The advancement in technology has been staggering since transformer technology was utilized in AI Chatbots. While these advancements were getting lot of attention at beginning (2023 - 2024), now (2025) it seems to have reached it’s peak.
In this blog post, I’ll go over outlining some of the potential and pitfalls of AI
AI based chatbots are great at offering summaries of large quantities of text data. With (Retrieval Augmented Generation (RAG), it’s easier than ever to get summarized output of books, articles, journals etc.
Another area where AI is good at will be coming up with new code (provided your treating assistant to be smart as an intern who memorized common language syntax, code snippets). With step by step instructions asked to an AI assistant, it’s has become easier to come up with new code.
AI Large Language Models (LLMs) are trained of vast amounts of data from internet so it can be used to come up with new ideas (limited on quality of data LLMs are trained on)

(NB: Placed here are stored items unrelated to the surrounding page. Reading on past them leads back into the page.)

(* Let $\Lambda=\{mz+nw : m,n\in\mathbb{Z}\}$ be a lattice in $\mathbb{C}$, where $z,w\in\mathbb{C}$ are linearly independent over $\mathbb{R}$. Let $r>0$ be such that $\{\zeta:|\zeta-z_1|<r\}\cap\{\zeta:|\zeta-z_2|<r\}=\emptyset$ for all distinct $z_1,z_2\in\Lambda$, and let $$D=\mathbb{C}\setminus\bigcup_{z_1\in\Lambda}\{\zeta:|\zeta-z_1|<r\}.$$ Then $bh(T(D))=\infty$, i.e. $E_a[T(D)^p]<\infty$ for every $p>0$.
   Context: Planar Brownian motion $B_t$ with $B_0=a$; $E_a$ the corresponding expectation. $T(D)=\inf\{t\geq0:B_t\notin D\}$. For a stopping time $\tau$, $bh(\tau)=\sup\{p>0:E_a[\tau^p]<\infty\}$. *)

theory Defs
  imports "HOL-Probability.Probability"
begin

text \<open>Planar (complex-valued) Brownian motion started at a, on a probability space M:
  B_0 = a almost surely, almost surely continuous paths, increments B_t - B_s (s < t)
  are centred Gaussian with covariance (t - s) I (independent real and imaginary parts
  of variance t - s), and increments over consecutive intervals are independent.\<close>
definition planar_BM :: "'w measure \<Rightarrow> (real \<Rightarrow> 'w \<Rightarrow> complex) \<Rightarrow> complex \<Rightarrow> bool" where
  "planar_BM M B a \<longleftrightarrow>
     prob_space M \<and>
     (\<forall>t. B t \<in> borel_measurable M) \<and>
     (AE \<omega> in M. B 0 \<omega> = a) \<and>
     (AE \<omega> in M. continuous_on {0..} (\<lambda>t. B t \<omega>)) \<and>
     (\<forall>s t. 0 \<le> s \<and> s < t \<longrightarrow>
        distributed M lborel (\<lambda>\<omega>. B t \<omega> - B s \<omega>)
          (\<lambda>x. ennreal (normal_density 0 (sqrt (t - s)) (Re x) *
                         normal_density 0 (sqrt (t - s)) (Im x)))) \<and>
     (\<forall>(n::nat) (ts::nat \<Rightarrow> real). 0 \<le> ts 0 \<and> mono ts \<longrightarrow>
        prob_space.indep_vars M (\<lambda>_. borel) (\<lambda>i \<omega>. B (ts (Suc i)) \<omega> - B (ts i) \<omega>) {..<n})"

text \<open>Exit time T(D) = inf {t \<ge> 0. B_t \<notin> D}, valued in [0, \<infinity>] (inf of empty set = \<infinity>).\<close>
definition exit_time :: "(real \<Rightarrow> 'w \<Rightarrow> complex) \<Rightarrow> complex set \<Rightarrow> 'w \<Rightarrow> ennreal" where
  "exit_time B D \<omega> = (INF t \<in> {t. 0 \<le> t \<and> B t \<omega> \<notin> D}. ennreal t)"

text \<open>E[\<tau>^p] < \<infinity> for a [0,\<infinity>]-valued random time \<tau> (\<tau>^p = \<infinity> where \<tau> = \<infinity>).\<close>
definition finite_moment :: "'w measure \<Rightarrow> ('w \<Rightarrow> ennreal) \<Rightarrow> real \<Rightarrow> bool" where
  "finite_moment M \<tau> p \<longleftrightarrow>
     (AE \<omega> in M. \<tau> \<omega> < \<top>) \<and> (\<integral>\<^sup>+ \<omega>. ennreal (enn2real (\<tau> \<omega>) powr p) \<partial>M) < \<top>"
lemma image_range_eq_if_comp_factor:
  assumes "inj s" "inj g" "finite (range a)" "s \<circ> a = g \<circ> a \<circ> v"
  shows "s ` range a = g ` range a"
proof (rule card_subset_eq)
  have "s ` range a = range (g \<circ> a \<circ> v)"
    by (metis assms(4) image_comp)
  then show "s ` range a \<subseteq> g ` range a"
    by auto
  show "card (s ` range a) = card (g ` range a)"
    using assms(1,2) by (simp add: card_image inj_on_subset)
qed (use assms in simp)

lemma comp_factor_same_fibres:
  assumes "f = v \<circ> h" "finite (range h)" "card (range f) = card (range h)"
  shows "f x = f y \<longleftrightarrow> h x = h y"
proof -
  have "range f = v ` range h"
    using assms(1) by (simp add: image_comp)
  then have "inj_on v (range h)"
    using assms(2,3) by (simp add: inj_on_iff_eq_card)
  then show ?thesis
    using assms(1) by (auto dest: inj_onD)
qed

lemma rank_comp_bij: "bij p \<Longrightarrow> rank (a \<circ> p) = rank a"
  unfolding rank_def image_comp[symmetric] by (simp add: bij_is_surj)

lemma kernel_classes_comp_bij:
  assumes "bij p"
  shows "kernel_classes (a \<circ> p) = image (inv p) ` kernel_classes a"
proof -
  have "kernel_classes (a \<circ> p) = (\<lambda>y. inv p ` {x. a x = a y}) ` range p"
    using assms by (auto simp: kernel_classes_def bij_image_Collect_eq bij_imp_bij_inv inv_inv_eq)
  also have "\<dots> = image (inv p) ` kernel_classes a"
    using assms by (auto simp: kernel_classes_def bij_is_surj)
  finally show ?thesis .
qed

lemma kernel_classes_cong:
  "(\<And>x y. f x = f y \<longleftrightarrow> h x = h y) \<Longrightarrow> kernel_classes f = kernel_classes h"
  by (simp add: kernel_classes_def)

lemma Sn_pair_range_orbit:
  fixes a :: "'a::finite \<Rightarrow> 'a"
  assumes G: "perm_subgroup G" and "\<not> bij a" "Sn_pair a G" "bij s"
  shows "\<exists>g\<in>G. g ` range a = s ` range a"
proof -
  have "\<not> bij (s \<circ> a)"
    using assms bij_comp_bij_iff by blast
  then obtain g v where g: "g \<in> G" and factor: "s \<circ> a = g \<circ> a \<circ> v"
    using Sn_pair_nonbij_factors(1)[OF G \<open>Sn_pair a G\<close> comp_bij_mem_gen_monoid(1)] \<open>bij s\<close>
    by blast
  have "s ` range a = g ` range a"
    using \<open>bij s\<close> perm_subgroup_bij[OF G g] factor
    by (intro image_range_eq_if_comp_factor) (simp_all add: bij_is_inj)
  with g show ?thesis
    by metis
qed
lemma mds_code_permute:
  assumes C: "mds_code n C" and \<sigma>: "bij_betw \<sigma> {..<n} {..<n}"
  shows "mds_code n {y \<in> words n. permute_word \<sigma> n y \<in> C}"
proof (rule mds_codeI)
  obtain \<tau> where \<sigma>_less: "\<And>i. i < n \<Longrightarrow> \<sigma> i < n" and \<tau>_less: "\<And>i. i < n \<Longrightarrow> \<tau> i < n"
    and inverse: "\<And>i. i < n \<Longrightarrow> \<tau> (\<sigma> i) = i" "\<And>i. i < n \<Longrightarrow> \<sigma> (\<tau> i) = i"
    using bij_betw_lessThan_inverse[OF \<sigma>] by metis
  fix y j assume y: "y \<in> words n" and j: "j < n"
  have inverse_eq: "\<sigma> i = j \<longleftrightarrow> i = \<tau> j" if "i < n" for i
    using inverse(1)[OF that] inverse(2)[OF j] by auto
  have "permute_word \<sigma> n (y[j := a]) = (permute_word \<sigma> n y)[\<tau> j := a]" for a
    using permute_word_list_update[where \<tau> = \<tau>, OF inverse_eq \<sigma>_less length_words[OF y]] .
  then have "line_hits {y \<in> words n. permute_word \<sigma> n y \<in> C} y j = line_hits C (permute_word \<sigma> n y) (\<tau> j)"
    using list_update_words[OF y] by (auto simp: line_hits_def)
  then show "card (line_hits {y \<in> words n. permute_word \<sigma> n y \<in> C} y j) = 1"
    using mds_code_card_line_hits[OF C permute_word_words[OF \<sigma>_less y] \<tau>_less[OF j]] by simp
qed simp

The transformer architecture is attempting to mimic human brain and how we think. In theory, this is great but in practice every individual has unique experiences (contexts) so it’s unique brain. As an example, a developer might know the details about the production environment but AI just looking at source code might not be able to understand details about environment.
AI hallucinations is simply way of saying AI made up answer to your questions in most confident way. This maybe because of the prompts (system / user) or LLMs failure to understand distinct concepts with few similarities and vice a versa.
Unlike other technology tools AI outputs are non-deterministic (i.e. we using same prompts and context could yield distinct results on distinct invocations). One potential solution to force AI / LLMs to offer us deterministic outputs could be to use specific prompts. When building AI agents we need to specifically instruct AI / LLMs to offer us exactly the sort of outputs we need.
While AI / LLM is great technology, we humans have better context and apply logic to a given problem. In my daily life I use AI as an assistant to offer me assistance on syntax checks, getting test cases, summarizations of long text etc. So in a way AI / LLMs help me get things quickly but with current state of AI / LLMs I’ll spend more time in bug fixes if I rely on AI / LLMs more.